Он встал, отряхнул со своих бриджей песок и подошел к ним, чтобы поприветствовать. Отвисшие щеки и похожий на бисквит квадратный подбородок сложились в улыбку, когда он отбросил со лба непокорную прядь волос.

— Я был сегодня в лагере, солдаты обсуждали странное поведение генерала Бонапарта и то, что он отказался следовать вашему совету относительно возвращения во Францию.

Он не слишком доверяет всяким предсказаниям, наш генерал. Возможно, он думает, что его девятый крестовый поход будет успешным, хотя предыдущие восемь провалились.

— Мсье Фурье! — воскликнул Шарло.
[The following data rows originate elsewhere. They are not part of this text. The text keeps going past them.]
theorem theorem2:
  fixes Lam :: "nat \<Rightarrow> nat \<Rightarrow> (nat \<Rightarrow> (real^'p::finite) \<times> real) \<Rightarrow> (real^'p) measure"
    and m :: "nat \<Rightarrow> nat"
    and beta0 :: "real^'p"
    and sd :: real
    and prior :: "real^'p \<Rightarrow> real"
  assumes sigma_pos: "sd > 0"
    and Lam_kernel: "\<And>n j. Lam n j \<in> measurable (hist_space j) (prob_algebra borel)"
    and basis_design: "\<And>n. AE h in traj (Lam n) beta0 sd (m n).
                          \<forall>j < m n. fst (h j) \<in> range (\<lambda>i. axis i 1)"
    and lambda_min_diverges:
          "tends_to_infinity_in_prob (\<lambda>n. traj (Lam n) beta0 sd (m n))
             (\<lambda>n h. lambda_min (gram h (m n)))"
    and prior_nonneg: "\<And>b. prior b \<ge> 0"
    and prior_density: "(\<integral>\<^sup>+ b. ennreal (prior b) \<partial>lborel) = 1"
    and prior_cont: "continuous_on UNIV prior"
    and prior_bounded: "\<exists>B. \<forall>b. prior b \<le> B"
    and prior_pos: "prior beta0 > 0"
  shows "tends_to_zero_in_prob (\<lambda>n. traj (Lam n) beta0 sd (m n))
           (\<lambda>n h. tv_dist (posterior prior sd h (m n))
                    (mvn (ols h (m n)) (sd\<^sup>2 *\<^sub>R matrix_inv (gram h (m n)))))"
proof (rule tends_to_zero_in_prob_if_dominated[OF _ lambda_min_diverges])
  fix e \<eta> :: real assume e: "e > 0" and "\<eta> > 0"
  obtain B where B: "\<And>b. prior b \<le> B"
    using prior_bounded by blast
  obtain K0 \<epsilon> where "K0 > 0" and \<epsilon>: "\<epsilon> > 0" and tv_small:
    "\<And>h m. basis_design h m \<Longrightarrow> (\<And>i. K0 \<le> arm_count h m i)
       \<Longrightarrow> (\<And>i. \<bar>xty h m $ i / arm_count h m i - beta0 $ i\<bar> \<le> \<epsilon>)
       \<Longrightarrow> \<bar>tv_dist (posterior prior sd h m) (mvn (ols h m) (sd\<^sup>2 *\<^sub>R matrix_inv (gram h m)))\<bar> \<le> e"
    using abs_tv_posterior_mvn_le[OF prior_nonneg prior_cont B prior_pos sigma_pos e] by blast
  have "\<epsilon>\<^sup>2 / (2 * sd\<^sup>2) > 0"
    using \<epsilon> sigma_pos by simp
  then obtain K where "K0 \<le> K" and K: "K > 0"
    and tail: "2 * CARD('p) * exp (- (\<epsilon>\<^sup>2 / (2 * sd\<^sup>2) * K)) \<le> \<eta>"
    using exp_tail_le[OF _ \<open>\<eta> > 0\<close>] by blast
  have "CARD('p) * (2 * exp (- (\<epsilon>\<^sup>2 * K / (2 * sd\<^sup>2)))) \<le> \<eta>"
    using tail by (simp add: mult_ac)
  with outer_prob_abs_tv_gt_le[OF Lam_kernel sigma_pos basis_design[folded basis_design_def] K \<epsilon>
      tv_small[OF _ order_trans[OF \<open>K0 \<le> K\<close>]]]
  show "\<exists>K. \<forall>n. outer_prob (traj (Lam n) beta0 sd (m n)) {h \<in> space (traj (Lam n) beta0 sd (m n)).
      e < \<bar>tv_dist (posterior prior sd h (m n)) (mvn (ols h (m n)) (sd\<^sup>2 *\<^sub>R matrix_inv (gram h (m n))))\<bar>}
    \<le> outer_prob (traj (Lam n) beta0 sd (m n)) {h \<in> space (traj (Lam n) beta0 sd (m n)).
      lambda_min (gram h (m n)) \<le> K} + \<eta>"
    by (meson add_left_mono order_trans)
qed

end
Выпустив руку Шахина, мальчик побежал к знаменитому физику. — Вы разгадали тайну пирамид? Вы были здесь так долго и трудились так упорно…

— Боюсь, что нет, — улыбнулся Фурье и потрепал Шарло по голове. — Только числа в этих папирусах арабские, все остальное — сплошная тарабарщина, которую мы не можем прочесть. Рисунки и тому подобное. Говорят, нашли какой-то Розеттский камень, на котором на нескольких языках что-то написано. Возможно, это поможет нам разобраться в древних текстах. Его собираются отправить во Францию. Однако к тому времени, когда надписи на нем расшифруют, я, возможно, уже умру!

Он рассмеялся и пожал руку Шахина.

— Если твой маленький спутник действительно пророк, как ты заявляешь, он разгадает эти рисунки и избавит нас от кучи работы.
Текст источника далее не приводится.